William Gilbert, of Scotch-Irish (Ulster-Scot) heritage, came to America and settled first in Philadelphia, where he met and married Sarah McCanless, who was born there in 1737. They traveled to Charleston, South Carolina, from Philadelphia and then came to Old Tryon County.
In 1777 and 1778, he was assessor of taxes and, in 1778, collector of taxes. Mr. Gilbert held the office of justice of the peace in Old Tryon County, taking his seat in July, 1778. In 1779, he represented Tryon in the North Carolina House of Commons.
On February 8th, 1779, he was forced to resign his commission as justice of the peace on the charge of duplicating his vouchers as commissary of militia of Tryon County. His guilt or innocence can never be known. Despite the charge, when Rutherford County was formed from Old Tryon, Gilbert represented the new county in the North Carolina House of Commons. He was selected in 1779, 1780, 1782, and 1783.
Gilbert was appointed justice of the peace for Rutherford County in 1781. At the October, 1781, term of the Rutherford County Court, he was chosen chairman of the court. The court vindicated him of the legislative charge of duplicating his vouchers by an order in October 1781, reading "On motion of William Gilbert, Esq., and testimony produced to the satisfaction of the court, it is ordered that the opinion of the court be entered on the records, to-wit: It is the opinion of the court that the said William Gilbert is not guilty of the charge laid against to the General Assembly, and we do certify that the said William Gilbert never plundered, nor was guilty of plundering, to our knowledge."
Gilbert was charged with treason, because Ferguson used the Gilbert home as his headquarters. Lyman Draper in his definitive history, King's Mountain and Its Heroes, on page 159, states Gilbert "was a Loyal friend of King George." In 1897, Flournoy Rivers wrote in a Nashville newspaper that "Draper seemed to have presumed that Gilbert was a Loyalist simply because Major Ferguson camped at Gilbert Town, as though an invading army would ever quarter on a friend while in an enemy's country. As a fact, the Assembly was then sitting at Hillsborough and Gilbert, being the county's representative in the House of Commons, was most likely absent there, and Ferguson, in his absence, most probably quartered on [Gilbert] as an object lesson by way of making treason odious, as it were."

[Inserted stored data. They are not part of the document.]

lemma pos_def_psd_sqrt:
  fixes A :: "'n::finite cmat"
  assumes pd: "pos_def A"
  obtains R where "pos_semidef R" "adj R = R" "R ** R = A"
    "\<And>T. pos_semidef T \<Longrightarrow> T ** T = A \<Longrightarrow> T = R"
proof -
  have "adj A = A" using pd by (simp add: pos_def_def)
  then obtain S lam where es: "orthonormal_eigensystem A S lam" and fin: "finite S"
    and expand: "\<And>x. x = (\<Sum>u\<in>S. cinner u x *s u)"
    using hermitian_spectral by blast
  have uu: "cinner u u = 1" and Au: "A *v u = complex_of_real (lam u) *s u" if "u \<in> S" for u
    using es that by (auto simp: orthonormal_eigensystem_def)
  have lam_pos: "lam u > 0" if "u \<in> S" for u
  proof -
    have "u \<noteq> 0" using uu[OF that] by auto
    hence "0 < Re (cinner u (A *v u))" using pd by (simp add: pos_def_def)
    thus ?thesis using uu[OF that] Au[OF that] by (simp add: cinner_scale_right)
  qed
  define s where "s u = complex_of_real (sqrt (lam u))" for u
  define R where "R = (\<chi> a b. \<Sum>u\<in>S. s u * u$a * cnj (u$b))"
  have Rx: "R *v x = (\<Sum>u\<in>S. (s u * cinner u x) *s u)" for x
    unfolding R_def by (rule matrix_vector_mult_rank_one_sum[OF fin])
  have Ru: "R *v u = s u *s u" if "u \<in> S" for u
  proof -
    have "R *v u = (\<Sum>w\<in>S. if w = u then s u *s u else 0)"
      unfolding Rx using es that by (intro sum.cong refl) (auto simp: orthonormal_eigensystem_def)
    thus ?thesis using fin that by simp
  qed
  have RR: "R ** R = A"
  proof (rule matrix_eq_on_expansion[OF expand])
    fix u assume u: "u \<in> S"
    have "(R ** R) *v u = (s u * s u) *s u"
      by (simp add: Ru[OF u] vector_scalar_commute vector_smult_assoc flip: matrix_vector_mul_assoc)
    also have "\<dots> = A *v u"
      using lam_pos[OF u] by (simp add: Au[OF u] s_def flip: of_real_mult)
    finally show "(R ** R) *v u = A *v u" .
  qed
  have "adj R = R"
    unfolding R_def adj_def vec_eq_iff by (simp add: s_def mult_ac)
  have "cinner x (R *v x) = complex_of_real (\<Sum>u\<in>S. sqrt (lam u) * (norm (cinner u x))\<^sup>2)" for x
  proof -
    have "cinner x (R *v x) = (\<Sum>u\<in>S. s u * cinner u x * cinner x u)"
      by (simp add: Rx cinner_sum_right cinner_scale_right)
    also have "\<dots> = (\<Sum>u\<in>S. complex_of_real (sqrt (lam u) * (norm (cinner u x))\<^sup>2))"
      unfolding s_def
      by (intro sum.cong refl)
        (simp only: cinner_commute[of x] mult.assoc complex_norm_square[symmetric] of_real_mult)
    finally show ?thesis by simp
  qed
  moreover have "0 \<le> (\<Sum>u\<in>S. sqrt (lam u) * (norm (cinner u x))\<^sup>2)" for x
    using lam_pos by (intro sum_nonneg mult_nonneg_nonneg) (auto simp: less_imp_le)
  ultimately have "pos_semidef R" by (simp add: pos_semidef_def)
  moreover have "T = R" if T: "pos_semidef T" "T ** T = A" for T
  proof (rule matrix_eq_on_expansion[OF expand])
    fix u assume "u \<in> S"
    hence "(T ** T) *v u = complex_of_real ((sqrt (lam u))\<^sup>2) *s u"
      using lam_pos[of u] T(2) Au[of u] by (simp flip: of_real_power)
    thus "T *v u = R *v u"
      using pos_semidef_square_eigenvector[OF T(1)] lam_pos \<open>u \<in> S\<close> by (simp add: Ru s_def)
  qed
  ultimately show thesis using that \<open>adj R = R\<close> RR by blast
qed

lemma
  fixes A :: "'n::finite cmat"
  assumes "pos_def A"
  shows msqrt_square: "msqrt A ** msqrt A = A" and adj_msqrt: "adj (msqrt A) = msqrt A"
    and invertible_msqrt: "invertible (msqrt A)"
proof -
  obtain R where "pos_semidef R" "adj R = R" "R ** R = A"
    and uniq: "\<And>T. pos_semidef T \<Longrightarrow> T ** T = A \<Longrightarrow> T = R"
    using pos_def_psd_sqrt[OF assms] by blast
  hence "msqrt A = R" unfolding msqrt_def by (intro the_equality) blast+
  thus sq: "msqrt A ** msqrt A = A" and "adj (msqrt A) = msqrt A"
    using \<open>R ** R = A\<close> \<open>adj R = R\<close> by auto
  obtain B where "B ** A = mat 1"
    using pos_def_invertible[OF assms] invertible_left_inverse by blast
  hence "(B ** msqrt A) ** msqrt A = mat 1" by (simp add: sq flip: matrix_mul_assoc)
  thus "invertible (msqrt A)" using invertible_left_inverse by blast
qed

section \<open>Distorted algebras as conjugated \<open>*\<close>-algebras\<close>

lemma alg_least: "star_algebra M \<Longrightarrow> S \<subseteq> M \<Longrightarrow> alg S \<subseteq> M"
  unfolding alg_def by blast

lemma subset_alg_rho: "S \<subseteq> alg_rho \<rho> S"
  unfolding alg_rho_def by blast

lemma alg_rho_least: "distorted_algebra \<rho> B \<Longrightarrow> S \<subseteq> B \<Longrightarrow> alg_rho \<rho> S \<subseteq> B"
  unfolding alg_rho_def by blast

lemma distorted_algebra_alg_rho: "distorted_algebra \<rho> (alg_rho \<rho> S)"
  unfolding distorted_algebra_def op_subspace_def alg_rho_def by blast

lemma msqrt_cancel:
  assumes "pos_def \<rho>"
  shows "msqrt \<rho> ** matrix_inv (msqrt \<rho>) = mat 1" "matrix_inv (msqrt \<rho>) ** msqrt \<rho> = mat 1"
    "X ** msqrt \<rho> ** matrix_inv (msqrt \<rho>) = X" "X ** matrix_inv (msqrt \<rho>) ** msqrt \<rho> = X"
  using matrix_inv_right[OF invertible_msqrt[OF assms]] matrix_inv_left[OF invertible_msqrt[OF assms]]
  by (simp_all flip: matrix_mul_assoc)

lemma matrix_inv_eq_msqrt:
  assumes "pos_def \<rho>"
  shows "matrix_inv \<rho> = matrix_inv (msqrt \<rho>) ** matrix_inv (msqrt \<rho>)"
proof (rule matrix_inv_unique_left[symmetric])
  have "matrix_inv (msqrt \<rho>) ** matrix_inv (msqrt \<rho>) ** (msqrt \<rho> ** msqrt \<rho>) = mat 1"
    by (simp add: matrix_mul_assoc msqrt_cancel[OF assms])
  thus "matrix_inv (msqrt \<rho>) ** matrix_inv (msqrt \<rho>) ** \<rho> = mat 1"
    by (simp only: msqrt_square[OF assms])
qed (rule pos_def_invertible[OF assms])

lemma D_Dinv:
  assumes "pos_def \<rho>" shows "D \<rho> (Dinv \<rho> X) = X"
  by (simp add: D_def Dinv_def matrix_mul_assoc msqrt_cancel[OF assms])

lemma inj_Dinv: "pos_def \<rho> \<Longrightarrow> inj (Dinv \<rho>)"
  by (rule inj_on_inverseI[of _ "D \<rho>"]) (rule D_Dinv)

lemma Dinv_add: "Dinv \<rho> (X + Y) = Dinv \<rho> X + Dinv \<rho> Y"
  by (simp add: Dinv_def matrix_add_ldistrib matrix_add_rdistrib)

lemma Dinv_csmult: "Dinv \<rho> (csmult c X) = csmult c (Dinv \<rho> X)"
  by (simp add: Dinv_def csmult_matrix_mult_left csmult_matrix_mult_right)

lemma adj_Dinv:
  assumes "pos_def \<rho>" shows "adj (Dinv \<rho> X) = Dinv \<rho> (adj X)"
  by (simp add: Dinv_def adj_mult adj_matrix_inv[OF invertible_msqrt[OF assms]]
      adj_msqrt[OF assms] matrix_mul_assoc)

lemma Dinv_mult:
  assumes "pos_def \<rho>" shows "Dinv \<rho> X ** Dinv \<rho> Y = Dinv \<rho> (X ** matrix_inv \<rho> ** Y)"
  by (simp add: Dinv_def matrix_inv_eq_msqrt[OF assms] matrix_mul_assoc)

North Carolina records indicate that on October 25th, 1775, Gilbert and others, including the Committee of Safety, signed the "Association Oath," expressing profound regret that "his Brittannic Majesty had been so ill-advised as to encroach on the undoubted rights of the colonists as Englishmen, with the firmly expressed intention of sustaining both the Continental and Provincial Congresses."
Despite his successful defense of the charges of treason, Gilbert continued to have legal problems after the war, being engaged in numerous lawsuits, and eventually lost his property. In 1786, 1787, and a portion of 1788, he lived in Charleston, South Carolina. He later returned to Gilbert Town to live at the home of his son-in-law, James Holland, where he died in 1790. He was buried on Ferguson's Hill above Gilbert Town.
Gilbert's wife, Sarah McCanless Gilbert, lived until 1822. She went with the James Holland family in 1790 to Maury County, Tennessee, and is buried at Holland's Ford on the Duck River.
James Holland married Gilbert's daughter Sarah. He represented Rutherford County in the North Carolina House of Commons and the Senate. He was elected to the first board of trustees of the University of North Carolina.